No significant circularity; results from new data fits

full rationale

This is an observational retrieval paper analyzing new JWST NIRISS/SOSS transit data for WASP-52 b. The central claims (H2O at 10.8σ, He at 7.3σ, stellar heterogeneities at 3.6σ) derive directly from model fits to the observed transmission spectrum and light curves in the 0.6-2.8 μm range. No equations or steps equate any 'prediction' to prior fitted inputs by construction. No self-citation chain supports a uniqueness theorem or ansatz that forces the result. The joint retrieval of planetary atmosphere plus spots/faculae is a modeling choice whose validity is an assumption (as noted in the skeptic attack), but it does not reduce the reported significances to tautology.
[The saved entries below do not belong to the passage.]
lemma dynamical_system_funpow_in: "dynamical_system X T \<Longrightarrow> x \<in> X \<Longrightarrow> (T ^^ k) x \<in> X"
  by (induction k) (auto dest: dynamical_system_image)

lemma measurable_dynamical_system:
  assumes "dynamical_system X T"
  shows "T \<in> measurable (restrict_space borel X) (restrict_space borel X)"
  using assms
  by (intro measurable_restrict_space2 borel_measurable_continuous_on_restrict)
     (auto simp: space_restrict_space dynamical_system_continuous dest: dynamical_system_image)

lemma prod_map_eq_map_prod: "prod_map = map_prod"
  by (simp add: fun_eq_iff prod_map_def)

lemma continuous_on_map_prod:
  assumes "continuous_on A f" "continuous_on B g"
  shows "continuous_on (A \<times> B) (map_prod f g)"
  unfolding map_prod_def split_beta
  by (intro continuous_on_Pair continuous_on_compose2[OF assms(1)] continuous_on_compose2[OF assms(2)]
      continuous_on_fst continuous_on_snd continuous_on_id) auto

lemma dynamical_system_prod_map:
  assumes "dynamical_system X1 T1" "dynamical_system X2 T2"
  shows "dynamical_system (X1 \<times> X2) (prod_map T1 T2)"
proof -
  obtain g1 g2 where "homeomorphism X1 X1 T1 g1" "homeomorphism X2 X2 T2 g2"
    using assms by (auto simp: dynamical_system_def)
  then have "homeomorphism (X1 \<times> X2) (X1 \<times> X2) (map_prod T1 T2) (map_prod g1 g2)"
    unfolding homeomorphism_def
    by (intro conjI ballI continuous_on_map_prod map_prod_surj_on) auto
  then show ?thesis
    using assms by (auto simp: dynamical_system_def compact_Times prod_map_eq_map_prod)
qed

lemma integral_funpow_invariant:
  fixes f :: "'a \<Rightarrow> real"
  assumes T: "T \<in> measurable M M" and inv: "distr M M T = M" and f: "f \<in> borel_measurable M"
  shows "(\<integral>x. f ((T ^^ k) x) \<partial>M) = (\<integral>x. f x \<partial>M)"
proof (induction k)
  case (Suc k)
  have "(\<integral>x. f ((T ^^ Suc k) x) \<partial>M) = (\<integral>x. f ((T ^^ k) x) \<partial>distr M M T)"
    using measurable_compose[OF measurable_compose_n[OF T] f]
    by (simp add: integral_distr[OF T] funpow_Suc_right del: funpow.simps)
  then show ?case
    using inv Suc by simp
qed simp

lemma integrable_continuous_on_compose:
  fixes f :: "'a::metric_space \<Rightarrow> real"
  assumes "finite_measure M" and g: "g \<in> measurable M (restrict_space borel X)"
    and "compact X" and f: "continuous_on X f"
  shows "integrable M (\<lambda>x. f (g x))"
proof -
  interpret finite_measure M by fact
  obtain B where B: "\<forall>y\<in>X. norm (f y) \<le> B"
    using compact_imp_bounded[OF compact_continuous_image[OF f \<open>compact X\<close>]]
    by (auto simp: bounded_iff)
  have "(\<lambda>x. f (g x)) \<in> borel_measurable M"
    using measurable_compose[OF g borel_measurable_continuous_on_restrict[OF f]] .
  moreover have "g x \<in> X" if "x \<in> space M" for x
    using measurable_space[OF g that] by (simp add: space_restrict_space)
  ultimately show ?thesis
    using B by (intro integrable_const_bound[where B=B]) auto
qed

lemma (in prob_space) abs_integral_diff_le:
  fixes f g :: "'a \<Rightarrow> real"
  assumes "integrable M f" "integrable M g" "\<And>x. x \<in> space M \<Longrightarrow> \<bar>f x - g x\<bar> \<le> c"
  shows "\<bar>(\<integral>x. f x \<partial>M) - (\<integral>x. g x \<partial>M)\<bar> \<le> c"
proof -
  have "\<bar>(\<integral>x. f x \<partial>M) - (\<integral>x. g x \<partial>M)\<bar> \<le> (\<integral>x. \<bar>f x - g x\<bar> \<partial>M)"
    using assms(1,2) by (simp flip: Bochner_Integration.integral_diff)
  also have "\<dots> \<le> c"
    using assms by (intro integral_le_const AE_I2) auto
  finally show ?thesis .
qed

lemma finite_in_sets_restrict_borel:
  fixes S :: "'a::t1_space set"
  assumes "finite S" "S \<subseteq> X"
  shows "S \<in> sets (restrict_space borel X)"
proof -
  have "S = X \<inter> S" "S \<in> sets borel"
    using assms by (auto intro: borel_closed finite_imp_closed)
  then show ?thesis
    unfolding sets_restrict_space by blast
qed

section \<open>Averages along approximate periodic orbits\<close>

lemma distr_uniform_count_measure_bij:
  assumes "finite A" and f: "bij_betw f A A"
  shows "distr (uniform_count_measure A) (uniform_count_measure A) f = uniform_count_measure A"
proof (rule measure_eqI)
  have f_meas: "f \<in> measurable (uniform_count_measure A) (uniform_count_measure A)"
    using f by (auto simp: measurable_def sets_uniform_count_measure space_uniform_count_measure
        bij_betw_def)
  fix B assume "B \<in> sets (distr (uniform_count_measure A) (uniform_count_measure A) f)"
  then have B: "B \<subseteq> A"
    by (simp add: sets_uniform_count_measure)
  have "f ` (f -` B \<inter> A) = B" "inj_on f (f -` B \<inter> A)"
    using f B unfolding bij_betw_def by (force, blast intro: inj_on_subset)
  then have "card (f -` B \<inter> A) = card B"
    by (metis card_image)
  then show "emeasure (distr (uniform_count_measure A) (uniform_count_measure A) f) B
      = emeasure (uniform_count_measure A) B"
    using B \<open>finite A\<close>
    by (simp add: emeasure_distr[OF f_meas] sets_uniform_count_measure space_uniform_count_measure
        emeasure_uniform_count_measure)
qed simp

lemma bij_betw_Suc_mod:
  assumes "0 < L"
  shows "bij_betw (\<lambda>k. Suc k mod L) {..<L} {..<L}"
proof -
  have "inj_on (\<lambda>k. Suc k mod L) {..<L}"
    by (auto simp: inj_on_def mod_Suc split: if_splits)
  moreover have "(\<lambda>k. Suc k mod L) ` {..<L} \<subseteq> {..<L}"
    using assms by auto
  ultimately show ?thesis
    by (simp add: bij_betw_def endo_inj_surj)
qed
(* Let $n\ge 6$ and let $CB_n$ be the set of chemical bicyclic graphs on $n$ vertices. Define the following subsets of $CB_n$ (in each, all $m_{i,j}$ not listed are $0$): $\beta_2$: $n_4=0,n_3=2,n_2=n-2,n_1=0$, $m_{2,3}=4$, $m_{3,3}=1$, $m_{2,2}=n-4$; $\beta_3$: $n_4=0,n_3=2,n_2=n-2,n_1=0$, $m_{2,3}=6$, $m_{2,2}=n-5$; $\beta_9$: $n_4=0,n_3=3,n_2=n-4,n_1=1$, $m_{1,2}=1$, $m_{2,3}=3$, $m_{3,3}=3$, $m_{2,2}=n-6$. Let $G_1\in\beta_2$, $G_2\in\beta_3$, $G_3\in\beta_9$, and let $G\in CB_n$ not belong to $\beta_2\cup\beta_3\cup\beta_9$. Then $SO(G_1)<SO(G_2)<SO(G_3)<SO(G)$.
   Context: All graphs are simple and connected. A chemical graph is a graph with maximum degree at most $4$; a bicyclic graph is a connected graph with $n$ vertices and $n+1$ edges. $d_G(u)$ is the degree of $u$, $n_i$ the number of vertices of degree $i$, and $m_{i,j}$ the number of edges joining a vertex of degree $i$ to a vertex of degree $j$. The Sombor index is $SO(G)=\sum_{uv\in E(G)}\sqrt{d_G(u)^2+d_G(v)^2}$. *)

theory Defs
  imports Complex_Main
begin

definition simple_graph :: "'a set \<Rightarrow> 'a set set \<Rightarrow> bool" where
  "simple_graph V E \<longleftrightarrow> finite V \<and>
     (\<forall>e\<in>E. \<exists>u v. e = {u, v} \<and> u \<noteq> v \<and> u \<in> V \<and> v \<in> V)"

definition degree :: "'a set set \<Rightarrow> 'a \<Rightarrow> nat" where
  "degree E v = card {e \<in> E. v \<in> e}"

definition adjacent :: "'a set set \<Rightarrow> 'a \<Rightarrow> 'a \<Rightarrow> bool" where
  "adjacent E u v \<longleftrightarrow> {u, v} \<in> E"

definition connected_graph :: "'a set \<Rightarrow> 'a set set \<Rightarrow> bool" where
  "connected_graph V E \<longleftrightarrow> V \<noteq> {} \<and> (\<forall>u\<in>V. \<forall>v\<in>V. (adjacent E)\<^sup>*\<^sup>* u v)"

text \<open>Chemical: maximum degree at most 4. Bicyclic: connected with |E| = |V| + 1.\<close>

definition chemical_bicyclic :: "nat \<Rightarrow> 'a set \<Rightarrow> 'a set set \<Rightarrow> bool" where
  "chemical_bicyclic n V E \<longleftrightarrow> simple_graph V E \<and> connected_graph V E \<and>
     card V = n \<and> card E = n + 1 \<and> (\<forall>v\<in>V. degree E v \<le> 4)"

definition nv :: "'a set \<Rightarrow> 'a set set \<Rightarrow> nat \<Rightarrow> nat" where
  "nv V E i = card {v \<in> V. degree E v = i}"

definition me :: "'a set set \<Rightarrow> nat \<Rightarrow> nat \<Rightarrow> nat" where
  "me E i j = card {e \<in> E. \<exists>u v. e = {u, v} \<and> u \<noteq> v \<and> degree E u = i \<and> degree E v = j}"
The paper is self-contained against external benchmarks via the new dataset.

Axiom & Free-Parameter Ledger

3 free parameters · 2 axioms · 0 invented entities

Central claims rest on standard exoplanet retrieval assumptions (LTE, plane-parallel atmosphere, fixed cloud properties) plus ad-hoc choices for the number and temperature contrast of stellar spots; multiple free parameters are fitted simultaneously for composition, spot coverage, and faculae.

free parameters (3)
  • log H2O abundance
    Retrieved parameter from spectral fit; central to the metallicity conclusion.
  • spot temperature contrast
    Fitted to match the two crossing events; 400-500 K colder than photosphere.
  • spot coverage fraction
    Fitted value of 2.4% used in the stellar contamination model.
axioms (2)
  • domain assumption Planetary atmosphere and stellar heterogeneities can be modeled as additive, independent components in the transmission spectrum without strong degeneracies.
    Invoked in the final paragraph when stating the best-fit model includes both atmospheric and stellar terms.
  • domain assumption Standard NIRISS data reduction and atmospheric retrieval frameworks (e.g., those used in prior JWST papers) are free of unaccounted systematics in this bandpass.
    Implicit in reporting the σ values for H2O and He.